Until you reach the line containing "poly_fun D (\<xi>1", reproduce each line of the listing exactly, please, and include that line as well.

**Excerpted records**
╔══

lemma classical_solution_unique:
  fixes \<xi>1 \<xi>2 :: "nat \<Rightarrow> int \<Rightarrow> 'a::field_char_0"
  assumes "\<And>a. \<exists>D. poly_fun D (\<xi>1 a)" "\<And>a. \<exists>D. poly_fun D (\<xi>2 a)"
    and "\<And>k. k < d \<Longrightarrow> \<xi>1 k = \<xi>2 k"
    and "\<And>k. k \<ge> d \<Longrightarrow> ltimes_gen d classical_colouring \<xi>1 k = ltimes_gen d classical_colouring \<xi>2 k"
  shows "\<xi>1 = \<xi>2"
proof -
  define \<zeta> where "\<zeta> = (\<lambda>a m. \<xi>1 a m - \<xi>2 a m)"
  have "\<zeta> a = (\<lambda>n. 0)" for a
  proof (rule ltimes_gen_eq_0_imp_eq_0[of d classical_colouring \<zeta>])
    show "ltimes_gen d classical_colouring \<zeta> k n = 0" if "k \<ge> d" for k n
      unfolding \<zeta>_def ltimes_gen_diff using assms(4)[OF that] by simp
    show "\<zeta> k = (\<lambda>n. 0)" if "k < d" for k
      using assms(3)[OF that] by (simp add: \<zeta>_def)
    show "classical_colouring b (int n) \<noteq> (0::'a)" if "1 \<le> b" "b \<le> n" for b n
      using classical_colouring_nonzero[OF that] .
    show "\<zeta> a = (\<lambda>n. 0)" if "\<And>m. m \<ge> - int a \<Longrightarrow> \<zeta> a m = 0" for a
    proof -
      obtain D1 D2 where "poly_fun D1 (\<xi>1 a)" "poly_fun D2 (\<xi>2 a)"
        using assms(1,2) by blast
      then have "poly_fun (max D1 D2) (\<zeta> a)"
        unfolding \<zeta>_def by (intro poly_fun_diff) (auto elim: poly_fun_mono)
      then show ?thesis
        using that by (auto intro: poly_fun_eq_0_if_eventually_0)
    qed
  qed
  then show ?thesis
    by (simp add: \<zeta>_def fun_eq_iff)
qed

lemma classical_shift_solution:
  "ltimes_gen 0 classical_colouring (\<lambda>a m. if a = 0 then of_int m else if a = 1 then 1 else 0) k n
    = (classical_colouring (k + 1) n :: 'a::comm_ring_1)"
proof (cases "k = 0")
  case True
  then show ?thesis by (simp add: ltimes_gen_def classical_colouring_def)
next
  case False
  let ?t = "\<lambda>a. (\<Prod>b=k-a+1..k. classical_colouring b n)
    * (if a = 0 then of_int (n - 2 * int k) else if a = 1 then 1 else 0 :: 'a)"
  have "ltimes_gen 0 classical_colouring (\<lambda>a m. if a = 0 then of_int m else if a = 1 then 1 else 0) k n
      = (\<Sum>a\<in>{0..k}. ?t a)"
    by (simp add: ltimes_gen_def)
  also have "\<dots> = (\<Sum>a\<in>{0, 1}. ?t a)"
    using False by (intro sum.mono_neutral_right) auto
  also have "\<dots> = of_int (n - 2 * int k) + classical_colouring k n"
    using False by simp
  also have "\<dots> = classical_colouring (k + 1) n"
    by (simp add: classical_colouring_def algebra_simps)
  finally show ?thesis .
qed

lemma solution_nth_0:
  fixes \<psi> \<xi> :: "'a::field_char_0 seq"
  assumes col: "colouring \<psi>" and reg: "regular_seq 0 \<xi>" and eq: "ltimes 0 \<psi> \<xi> = shift1 \<psi>"
  shows "\<xi> a m $ 0 = (if a = 0 then of_int m else if a = 1 then 1 else 0)"
proof -
  let ?\<sigma> = "\<lambda>a m. if a = 0 then of_int m else if a = 1 then 1 else (0::'a)"
  have "(\<lambda>a m. \<xi> a m $ 0) = ?\<sigma>"
  proof (rule classical_solution_unique[where d = 0])
    show "\<exists>D. poly_fun D (\<lambda>m. \<xi> a m $ 0)" for a
      using reg unfolding regular_seq_iff_poly_fun by blast
    show "\<exists>D. poly_fun D (?\<sigma> a)" for a
      using poly_fun_of_int poly_fun_const by (cases "a = 0"; cases "a = 1") auto
    show "ltimes_gen 0 classical_colouring (\<lambda>a m. \<xi> a m $ 0) k = ltimes_gen 0 classical_colouring ?\<sigma> k" for k
      using colouring_ltimes_nth_0[OF col, of 0 \<xi> k] colouring_nth_0[OF col, of "k + 1"] eq
      by (simp add: fun_eq_iff shift1_def classical_shift_solution)
  qed simp
  then show ?thesis
    by (simp add: fun_eq_iff)
qed

text \<open>Since \<open>\<xi>\<^sup>a \<equiv> [a = 1]\<close> modulo \<open>h\<close> for \<open>a \<ge> 1\<close>, only the term \<open>a = 1\<close> involves
  \<open>\<psi>\<^sup>k\<close> at order \<open>m + 1\<close>.\<close>
lemma solution_term_poly_fun:
  fixes \<psi> \<xi> :: "'a::field_char_0 seq"
  assumes col: "colouring \<psi>" and reg: "regular_seq 0 \<xi>" and eq: "ltimes 0 \<psi> \<xi> = shift1 \<psi>"
    and B: "\<And>b. b \<ge> 1 \<Longrightarrow> fps_poly_fun m B (\<psi> b)" and E: "fps_poly_fun (Suc m) E (\<xi> a)"
    and a: "1 \<le> a" "a \<le> k"
  shows "poly_fun (a * B + E) (\<lambda>n. ((\<Prod>b=k-a+1..k. \<psi> b n) * \<xi> a (n - 2 * int k)) $ Suc m
      - (if a = 1 then \<psi> k n $ Suc m else 0))"
proof -
  have "fps_poly_fun m (card {k-a+1..k} * B) (\<lambda>n. \<Prod>b=k-a+1..k. \<psi> b n)"
    by (rule fps_poly_fun_prod) (auto intro: B)
  then have P: "fps_poly_fun m (a * B) (\<lambda>n. \<Prod>b=k-a+1..k. \<psi> b n)"
    using a by simp
  have "poly_fun (a * B + E) (\<lambda>n. ((\<Prod>b=k-a+1..k. \<psi> b n) * \<xi> a (n + - 2 * int k)) $ Suc m
      - (\<Prod>b=k-a+1..k. \<psi> b n) $ Suc m * \<xi> a (n + - 2 * int k) $ 0)"
    by (rule poly_fun_mult_nth_Suc[OF P fps_poly_fun_shift[OF E]])
  moreover have "(\<Prod>b=k-a+1..k. \<psi> b n) $ Suc m * \<xi> a (n + - 2 * int k) $ 0
      = (if a = 1 then \<psi> k n $ Suc m else 0)" for n
    using a by (simp add: solution_nth_0[OF col reg eq])
  ultimately show ?thesis by simp
qed

lemma solution_coeff_diff_poly_fun:
  fixes \<psi> \<xi> :: "'a::field_char_0 seq"
  assumes col: "colouring \<psi>" and reg: "regular_seq 0 \<xi>" and eq: "ltimes 0 \<psi> \<xi> = shift1 \<psi>"
    and B: "\<And>b. b \<ge> 1 \<Longrightarrow> fps_poly_fun m B (\<psi> b)" and E: "\<And>a. fps_poly_fun (Suc m) E (\<xi> a)"
    and K: "\<And>a n j. a \<ge> K \<Longrightarrow> j \<le> Suc m \<Longrightarrow> \<xi> a n $ j = 0" "K \<ge> 2"
    and k: "k \<ge> 1"
  shows "poly_fun (K * B + E) (\<lambda>n. \<psi> (Suc k) n $ Suc m - \<psi> k n $ Suc m)"
proof -
  let ?T = "\<lambda>a n. ((\<Prod>b=k-a+1..k. \<psi> b n) * \<xi> a (n - 2 * int k)) $ Suc m
      - (if a = 1 then \<psi> k n $ Suc m else 0)"
  have sum_eq: "\<psi> (Suc k) n $ Suc m - \<psi> k n $ Suc m = (\<Sum>a=0..k. ?T a n)" for n
  proof -
    have "\<psi> (Suc k) n $ Suc m = ltimes 0 \<psi> \<xi> k n $ Suc m"
      using eq by (simp add: shift1_def)
    then show ?thesis
      using k by (simp add: ltimes_nth sum_subtractf sum.delta)
  qed
  have summand: "poly_fun (K * B + E) (?T a)" if "a \<in> {0..k}" for a
  proof -
    consider "a = 0" | "1 \<le> a" "a < K" | "a \<ge> K" by linarith
    then show ?thesis
    proof cases
      case 1
      have "poly_fun E (\<lambda>n. \<xi> 0 (n + - 2 * int k) $ Suc m)"
        using poly_fun_shift E unfolding fps_poly_fun_def by blast
      then show ?thesis
        using 1 by (simp add: poly_fun_mono)
    next
      case 2
      then have "poly_fun (a * B + E) (?T a)"
        using that by (intro solution_term_poly_fun[OF col reg eq B E]) auto
      moreover have "a * B + E \<le> K * B + E"
        using 2 by simp
      ultimately show ?thesis by (rule poly_fun_mono)
    next
      case 3
      then have "?T a n = 0" for n
        using K by (simp add: fps_mult_nth)
      then show ?thesis by (simp add: poly_fun_const)
    qed
  qed
  have "poly_fun (K * B + E) (\<lambda>n. \<Sum>a=0..k. ?T a n)"
    by (intro poly_fun_sum summand) auto
  then show ?thesis
    by (simp only: sum_eq)
qed

lemma poly_fun_telescope:
  assumes "poly_fun F (f 1)" "\<And>k. k \<ge> 1 \<Longrightarrow> poly_fun F (\<lambda>n. f (Suc k) n - f k n)" "k \<ge> 1"
  shows "poly_fun F (f k)"
  using assms(3)
proof (induction k rule: dec_induct)
  case (step k)
  then have "poly_fun F (\<lambda>n. f k n + (f (Suc k) n - f k n))"
    using assms(2) by (intro poly_fun_add)
  then show ?case by simp
qed (use assms(1) in simp)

╚══

**Result of the exercise**
lemma classical_solution_unique:
  fixes \<xi>1 \<xi>2 :: "nat \<Rightarrow> int \<Rightarrow> 'a::field_char_0"
  assumes "\<And>a. \<exists>D. poly_fun D (\<xi>1 a)" "\<And>a. \<exists>D. poly_fun D (\<xi>2 a)"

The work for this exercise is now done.